- [Exercise objective]
Your answer should be only the lines below from the one with "finite M \<and>" to the one with "unfolding poly2_eval_monom_eval monom_vec_def", repeated exactly, ends included.

- [The data]
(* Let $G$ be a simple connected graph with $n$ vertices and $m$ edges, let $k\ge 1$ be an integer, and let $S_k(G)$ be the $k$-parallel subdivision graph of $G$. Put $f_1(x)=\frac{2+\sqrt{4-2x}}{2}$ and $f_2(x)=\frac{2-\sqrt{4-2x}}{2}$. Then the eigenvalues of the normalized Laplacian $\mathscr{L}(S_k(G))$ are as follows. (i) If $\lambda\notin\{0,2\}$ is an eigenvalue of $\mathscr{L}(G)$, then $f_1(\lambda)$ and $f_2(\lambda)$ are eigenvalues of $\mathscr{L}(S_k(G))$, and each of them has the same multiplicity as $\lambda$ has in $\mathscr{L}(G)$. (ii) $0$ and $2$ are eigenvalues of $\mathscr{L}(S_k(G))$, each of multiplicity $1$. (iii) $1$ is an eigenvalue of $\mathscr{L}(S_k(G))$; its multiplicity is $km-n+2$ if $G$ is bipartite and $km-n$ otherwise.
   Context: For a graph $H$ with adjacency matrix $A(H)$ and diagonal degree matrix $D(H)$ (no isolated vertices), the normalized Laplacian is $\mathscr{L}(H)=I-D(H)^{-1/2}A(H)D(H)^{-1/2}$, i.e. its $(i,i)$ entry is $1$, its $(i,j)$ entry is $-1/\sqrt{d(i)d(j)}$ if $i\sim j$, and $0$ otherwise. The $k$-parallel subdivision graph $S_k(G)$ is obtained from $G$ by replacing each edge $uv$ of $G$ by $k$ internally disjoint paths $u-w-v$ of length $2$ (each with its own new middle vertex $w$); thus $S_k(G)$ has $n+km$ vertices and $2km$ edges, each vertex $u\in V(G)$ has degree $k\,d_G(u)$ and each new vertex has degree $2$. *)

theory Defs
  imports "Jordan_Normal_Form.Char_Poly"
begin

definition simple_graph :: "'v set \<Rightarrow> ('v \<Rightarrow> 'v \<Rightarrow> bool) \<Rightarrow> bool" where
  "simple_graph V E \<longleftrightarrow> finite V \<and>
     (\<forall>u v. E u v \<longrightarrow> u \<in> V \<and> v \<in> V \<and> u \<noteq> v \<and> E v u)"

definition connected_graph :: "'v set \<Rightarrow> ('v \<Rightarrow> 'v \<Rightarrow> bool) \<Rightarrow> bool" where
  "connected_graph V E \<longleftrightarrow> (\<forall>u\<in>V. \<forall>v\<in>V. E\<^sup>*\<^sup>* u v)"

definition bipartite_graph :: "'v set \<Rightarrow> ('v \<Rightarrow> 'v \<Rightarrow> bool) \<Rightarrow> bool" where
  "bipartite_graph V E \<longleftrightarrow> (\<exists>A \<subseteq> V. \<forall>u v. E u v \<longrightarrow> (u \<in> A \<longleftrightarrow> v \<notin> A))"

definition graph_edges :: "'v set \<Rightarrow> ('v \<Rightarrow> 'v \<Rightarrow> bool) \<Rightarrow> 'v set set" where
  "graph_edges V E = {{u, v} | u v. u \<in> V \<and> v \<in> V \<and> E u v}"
--
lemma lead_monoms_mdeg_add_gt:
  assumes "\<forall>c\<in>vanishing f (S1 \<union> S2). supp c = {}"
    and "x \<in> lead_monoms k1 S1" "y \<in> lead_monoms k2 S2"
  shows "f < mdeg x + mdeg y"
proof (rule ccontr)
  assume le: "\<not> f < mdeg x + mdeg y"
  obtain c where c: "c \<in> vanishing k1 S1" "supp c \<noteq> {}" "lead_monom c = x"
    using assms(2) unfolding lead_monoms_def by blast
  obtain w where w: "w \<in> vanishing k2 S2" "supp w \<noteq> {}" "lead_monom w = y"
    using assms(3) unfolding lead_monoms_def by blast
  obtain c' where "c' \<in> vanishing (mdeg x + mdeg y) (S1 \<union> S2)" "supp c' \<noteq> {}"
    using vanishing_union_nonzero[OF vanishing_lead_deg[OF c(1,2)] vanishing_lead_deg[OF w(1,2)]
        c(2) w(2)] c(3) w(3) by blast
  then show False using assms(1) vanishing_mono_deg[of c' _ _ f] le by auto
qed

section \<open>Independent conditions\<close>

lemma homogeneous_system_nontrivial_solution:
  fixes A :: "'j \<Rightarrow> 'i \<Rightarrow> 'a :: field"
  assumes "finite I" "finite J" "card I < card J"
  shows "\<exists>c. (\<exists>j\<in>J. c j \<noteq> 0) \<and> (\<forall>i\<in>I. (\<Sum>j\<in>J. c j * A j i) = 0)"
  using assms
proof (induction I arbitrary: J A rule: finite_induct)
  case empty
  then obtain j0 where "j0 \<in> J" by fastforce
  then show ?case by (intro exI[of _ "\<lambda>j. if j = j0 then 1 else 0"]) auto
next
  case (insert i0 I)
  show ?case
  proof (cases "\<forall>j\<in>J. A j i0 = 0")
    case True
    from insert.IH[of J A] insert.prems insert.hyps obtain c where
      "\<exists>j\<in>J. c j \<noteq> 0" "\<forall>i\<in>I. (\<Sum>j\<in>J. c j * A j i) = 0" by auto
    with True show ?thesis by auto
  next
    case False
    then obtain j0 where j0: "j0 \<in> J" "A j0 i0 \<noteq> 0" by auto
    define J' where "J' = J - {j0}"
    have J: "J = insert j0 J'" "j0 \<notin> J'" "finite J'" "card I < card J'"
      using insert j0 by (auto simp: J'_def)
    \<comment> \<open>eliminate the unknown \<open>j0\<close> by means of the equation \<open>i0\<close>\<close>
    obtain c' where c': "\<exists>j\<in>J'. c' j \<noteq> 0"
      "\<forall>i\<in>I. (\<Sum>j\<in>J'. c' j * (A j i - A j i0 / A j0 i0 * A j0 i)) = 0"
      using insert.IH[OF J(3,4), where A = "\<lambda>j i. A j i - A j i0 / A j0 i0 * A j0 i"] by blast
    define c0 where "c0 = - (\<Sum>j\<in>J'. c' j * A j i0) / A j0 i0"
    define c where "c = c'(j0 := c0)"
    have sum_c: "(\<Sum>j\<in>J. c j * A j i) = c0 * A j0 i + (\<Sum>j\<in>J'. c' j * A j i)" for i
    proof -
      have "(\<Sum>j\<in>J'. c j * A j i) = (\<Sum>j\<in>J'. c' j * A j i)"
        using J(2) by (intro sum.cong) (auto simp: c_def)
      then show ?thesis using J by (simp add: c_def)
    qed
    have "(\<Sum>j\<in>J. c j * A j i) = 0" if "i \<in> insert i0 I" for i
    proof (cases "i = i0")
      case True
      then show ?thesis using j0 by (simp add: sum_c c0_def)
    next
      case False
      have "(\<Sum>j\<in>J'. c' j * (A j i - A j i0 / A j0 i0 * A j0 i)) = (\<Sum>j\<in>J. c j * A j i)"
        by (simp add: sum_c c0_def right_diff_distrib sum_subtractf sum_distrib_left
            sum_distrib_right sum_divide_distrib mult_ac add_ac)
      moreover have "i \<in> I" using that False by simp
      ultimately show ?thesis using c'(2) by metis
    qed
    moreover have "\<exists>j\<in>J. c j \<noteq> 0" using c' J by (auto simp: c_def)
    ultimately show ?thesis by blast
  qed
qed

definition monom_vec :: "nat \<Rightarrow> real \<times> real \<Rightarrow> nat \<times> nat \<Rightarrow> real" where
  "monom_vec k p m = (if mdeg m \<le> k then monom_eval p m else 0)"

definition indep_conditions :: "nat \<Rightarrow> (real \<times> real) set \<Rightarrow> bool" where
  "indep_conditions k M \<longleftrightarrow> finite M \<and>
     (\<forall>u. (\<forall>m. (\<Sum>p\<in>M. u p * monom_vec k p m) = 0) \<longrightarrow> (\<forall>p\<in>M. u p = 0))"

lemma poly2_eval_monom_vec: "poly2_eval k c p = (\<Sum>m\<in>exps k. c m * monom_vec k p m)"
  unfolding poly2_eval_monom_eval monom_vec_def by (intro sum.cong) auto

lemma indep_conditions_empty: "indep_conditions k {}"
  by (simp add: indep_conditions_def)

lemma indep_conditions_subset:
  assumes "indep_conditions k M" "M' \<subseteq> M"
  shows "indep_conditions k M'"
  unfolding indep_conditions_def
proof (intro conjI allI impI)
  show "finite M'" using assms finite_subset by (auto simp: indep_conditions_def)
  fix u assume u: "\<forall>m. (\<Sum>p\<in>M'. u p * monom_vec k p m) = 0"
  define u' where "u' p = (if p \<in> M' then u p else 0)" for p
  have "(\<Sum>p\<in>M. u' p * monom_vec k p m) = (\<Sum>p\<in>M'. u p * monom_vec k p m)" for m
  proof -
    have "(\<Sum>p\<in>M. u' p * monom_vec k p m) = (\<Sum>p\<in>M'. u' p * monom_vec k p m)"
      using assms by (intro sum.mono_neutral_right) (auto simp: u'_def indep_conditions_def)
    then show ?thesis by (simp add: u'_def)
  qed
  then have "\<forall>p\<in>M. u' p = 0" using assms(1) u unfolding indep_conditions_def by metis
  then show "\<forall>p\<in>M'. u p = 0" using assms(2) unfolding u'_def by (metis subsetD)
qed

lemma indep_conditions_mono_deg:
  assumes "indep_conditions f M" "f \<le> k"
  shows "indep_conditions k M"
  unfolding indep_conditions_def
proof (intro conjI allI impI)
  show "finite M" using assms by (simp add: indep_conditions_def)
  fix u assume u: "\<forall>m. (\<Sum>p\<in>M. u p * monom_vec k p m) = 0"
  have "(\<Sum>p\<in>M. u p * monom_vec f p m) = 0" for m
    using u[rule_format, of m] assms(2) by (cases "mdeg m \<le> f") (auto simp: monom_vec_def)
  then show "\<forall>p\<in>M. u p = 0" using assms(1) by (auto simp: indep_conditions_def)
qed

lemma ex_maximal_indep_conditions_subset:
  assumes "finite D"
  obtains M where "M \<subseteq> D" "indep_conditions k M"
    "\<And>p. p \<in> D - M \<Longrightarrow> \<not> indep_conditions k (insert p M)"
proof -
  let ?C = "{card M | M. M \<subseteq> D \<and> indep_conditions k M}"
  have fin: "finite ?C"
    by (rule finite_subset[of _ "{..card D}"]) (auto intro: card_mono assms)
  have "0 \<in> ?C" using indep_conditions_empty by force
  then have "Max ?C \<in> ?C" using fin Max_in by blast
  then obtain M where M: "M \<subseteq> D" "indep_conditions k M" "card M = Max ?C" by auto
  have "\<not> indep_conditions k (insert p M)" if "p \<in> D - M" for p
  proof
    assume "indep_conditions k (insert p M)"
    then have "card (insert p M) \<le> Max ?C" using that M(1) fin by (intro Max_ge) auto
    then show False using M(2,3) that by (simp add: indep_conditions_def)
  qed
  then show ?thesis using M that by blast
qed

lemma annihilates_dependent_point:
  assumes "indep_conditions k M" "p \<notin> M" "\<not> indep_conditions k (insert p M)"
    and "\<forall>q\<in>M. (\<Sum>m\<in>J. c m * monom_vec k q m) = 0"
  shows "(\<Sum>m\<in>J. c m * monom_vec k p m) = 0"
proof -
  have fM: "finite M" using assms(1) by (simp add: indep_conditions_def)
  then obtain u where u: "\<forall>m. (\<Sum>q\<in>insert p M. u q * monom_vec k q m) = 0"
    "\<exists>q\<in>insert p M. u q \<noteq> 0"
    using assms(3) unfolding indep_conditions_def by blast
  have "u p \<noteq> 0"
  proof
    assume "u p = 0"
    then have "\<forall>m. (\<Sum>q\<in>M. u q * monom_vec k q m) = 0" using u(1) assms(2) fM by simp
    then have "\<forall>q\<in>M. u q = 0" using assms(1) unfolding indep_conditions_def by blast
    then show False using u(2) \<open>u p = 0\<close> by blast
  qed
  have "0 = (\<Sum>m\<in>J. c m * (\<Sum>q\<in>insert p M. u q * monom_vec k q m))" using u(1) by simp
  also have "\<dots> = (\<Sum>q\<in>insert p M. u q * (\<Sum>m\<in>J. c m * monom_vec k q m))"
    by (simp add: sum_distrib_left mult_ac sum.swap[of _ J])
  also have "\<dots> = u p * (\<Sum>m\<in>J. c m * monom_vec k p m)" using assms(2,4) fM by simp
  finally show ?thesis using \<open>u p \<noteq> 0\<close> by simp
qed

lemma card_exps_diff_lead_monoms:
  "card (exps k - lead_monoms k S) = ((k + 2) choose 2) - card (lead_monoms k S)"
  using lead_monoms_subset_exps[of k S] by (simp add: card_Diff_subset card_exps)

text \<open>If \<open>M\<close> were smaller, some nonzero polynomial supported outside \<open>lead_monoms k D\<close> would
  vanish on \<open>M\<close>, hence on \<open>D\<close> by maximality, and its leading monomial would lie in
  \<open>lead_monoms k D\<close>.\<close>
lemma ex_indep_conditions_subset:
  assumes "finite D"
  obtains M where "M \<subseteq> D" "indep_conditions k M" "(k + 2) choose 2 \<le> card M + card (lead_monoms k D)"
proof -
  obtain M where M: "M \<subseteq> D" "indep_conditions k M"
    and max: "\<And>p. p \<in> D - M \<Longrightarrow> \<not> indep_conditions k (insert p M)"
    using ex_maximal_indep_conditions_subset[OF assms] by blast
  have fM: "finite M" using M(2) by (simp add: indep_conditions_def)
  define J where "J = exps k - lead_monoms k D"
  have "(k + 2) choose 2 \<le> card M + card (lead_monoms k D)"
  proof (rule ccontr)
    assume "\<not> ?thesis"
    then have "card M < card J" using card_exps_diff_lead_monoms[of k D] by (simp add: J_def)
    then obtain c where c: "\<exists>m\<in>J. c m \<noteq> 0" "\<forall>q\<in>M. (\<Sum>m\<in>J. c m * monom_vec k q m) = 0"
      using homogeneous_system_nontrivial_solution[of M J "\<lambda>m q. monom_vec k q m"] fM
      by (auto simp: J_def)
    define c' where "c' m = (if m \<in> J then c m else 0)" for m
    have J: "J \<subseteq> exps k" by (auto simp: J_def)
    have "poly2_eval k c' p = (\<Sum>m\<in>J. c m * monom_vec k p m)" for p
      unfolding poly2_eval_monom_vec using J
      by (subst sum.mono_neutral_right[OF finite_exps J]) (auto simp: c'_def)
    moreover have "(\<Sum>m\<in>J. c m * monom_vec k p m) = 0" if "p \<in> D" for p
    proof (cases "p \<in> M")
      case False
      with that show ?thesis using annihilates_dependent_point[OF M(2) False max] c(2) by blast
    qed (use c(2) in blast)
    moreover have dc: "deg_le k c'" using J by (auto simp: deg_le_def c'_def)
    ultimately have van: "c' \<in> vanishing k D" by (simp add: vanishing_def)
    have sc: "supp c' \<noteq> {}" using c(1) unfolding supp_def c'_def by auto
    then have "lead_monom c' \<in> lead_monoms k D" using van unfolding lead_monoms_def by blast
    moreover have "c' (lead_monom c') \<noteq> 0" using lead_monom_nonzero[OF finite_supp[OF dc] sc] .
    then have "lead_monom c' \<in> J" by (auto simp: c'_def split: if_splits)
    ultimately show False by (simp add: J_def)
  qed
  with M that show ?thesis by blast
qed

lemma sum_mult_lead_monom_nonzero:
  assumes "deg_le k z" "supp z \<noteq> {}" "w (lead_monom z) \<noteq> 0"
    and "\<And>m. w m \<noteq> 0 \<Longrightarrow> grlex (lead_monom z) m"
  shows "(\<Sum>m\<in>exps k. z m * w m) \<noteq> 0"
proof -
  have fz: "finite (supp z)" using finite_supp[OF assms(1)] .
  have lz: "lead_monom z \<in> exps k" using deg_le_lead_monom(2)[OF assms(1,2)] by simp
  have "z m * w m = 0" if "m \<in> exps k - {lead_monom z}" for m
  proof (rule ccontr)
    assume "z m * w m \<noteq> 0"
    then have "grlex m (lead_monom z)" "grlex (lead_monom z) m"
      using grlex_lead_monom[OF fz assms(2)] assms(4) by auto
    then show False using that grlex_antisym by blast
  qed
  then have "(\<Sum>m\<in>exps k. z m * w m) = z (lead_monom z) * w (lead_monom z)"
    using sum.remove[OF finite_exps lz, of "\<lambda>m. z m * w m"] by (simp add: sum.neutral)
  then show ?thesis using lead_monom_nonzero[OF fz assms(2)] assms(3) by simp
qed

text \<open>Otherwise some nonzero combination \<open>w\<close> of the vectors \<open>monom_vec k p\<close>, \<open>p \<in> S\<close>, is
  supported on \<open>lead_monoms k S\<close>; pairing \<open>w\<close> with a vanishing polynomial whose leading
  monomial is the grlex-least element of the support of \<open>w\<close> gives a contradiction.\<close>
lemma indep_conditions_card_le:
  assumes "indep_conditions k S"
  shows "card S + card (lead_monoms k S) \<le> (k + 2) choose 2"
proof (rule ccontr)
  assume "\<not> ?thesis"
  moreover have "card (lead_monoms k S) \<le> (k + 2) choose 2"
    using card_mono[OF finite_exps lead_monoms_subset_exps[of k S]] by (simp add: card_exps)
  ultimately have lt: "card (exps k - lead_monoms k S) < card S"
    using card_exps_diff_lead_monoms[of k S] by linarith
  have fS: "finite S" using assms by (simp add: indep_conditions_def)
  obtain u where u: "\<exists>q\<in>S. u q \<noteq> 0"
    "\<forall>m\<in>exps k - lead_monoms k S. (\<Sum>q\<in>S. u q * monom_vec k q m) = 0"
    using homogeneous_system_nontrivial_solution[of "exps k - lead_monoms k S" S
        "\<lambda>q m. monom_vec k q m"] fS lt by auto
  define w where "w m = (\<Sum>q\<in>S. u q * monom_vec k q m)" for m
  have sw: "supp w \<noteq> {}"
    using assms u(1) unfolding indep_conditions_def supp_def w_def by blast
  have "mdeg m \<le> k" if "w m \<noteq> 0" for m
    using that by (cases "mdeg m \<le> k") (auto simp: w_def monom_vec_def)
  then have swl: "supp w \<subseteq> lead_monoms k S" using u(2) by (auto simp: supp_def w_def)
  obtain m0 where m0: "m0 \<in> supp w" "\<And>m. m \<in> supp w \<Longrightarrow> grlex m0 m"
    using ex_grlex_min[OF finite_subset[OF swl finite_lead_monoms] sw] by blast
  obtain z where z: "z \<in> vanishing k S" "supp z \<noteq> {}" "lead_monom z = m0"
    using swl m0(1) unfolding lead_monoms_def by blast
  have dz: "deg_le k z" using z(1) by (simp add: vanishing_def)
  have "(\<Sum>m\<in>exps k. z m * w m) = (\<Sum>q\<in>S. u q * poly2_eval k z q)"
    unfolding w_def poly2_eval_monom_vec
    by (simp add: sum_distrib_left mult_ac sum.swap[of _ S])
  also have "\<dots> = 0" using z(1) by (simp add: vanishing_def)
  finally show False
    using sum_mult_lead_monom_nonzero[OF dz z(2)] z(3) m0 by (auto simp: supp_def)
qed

- [Exercise output]
  "indep_conditions k M \<longleftrightarrow> finite M \<and>
     (\<forall>u. (\<forall>m. (\<Sum>p\<in>M. u p * monom_vec k p m) = 0) \<longrightarrow> (\<forall>p\<in>M. u p = 0))"

lemma poly2_eval_monom_vec: "poly2_eval k c p = (\<Sum>m\<in>exps k. c m * monom_vec k p m)"
  unfolding poly2_eval_monom_eval monom_vec_def by (intro sum.cong) auto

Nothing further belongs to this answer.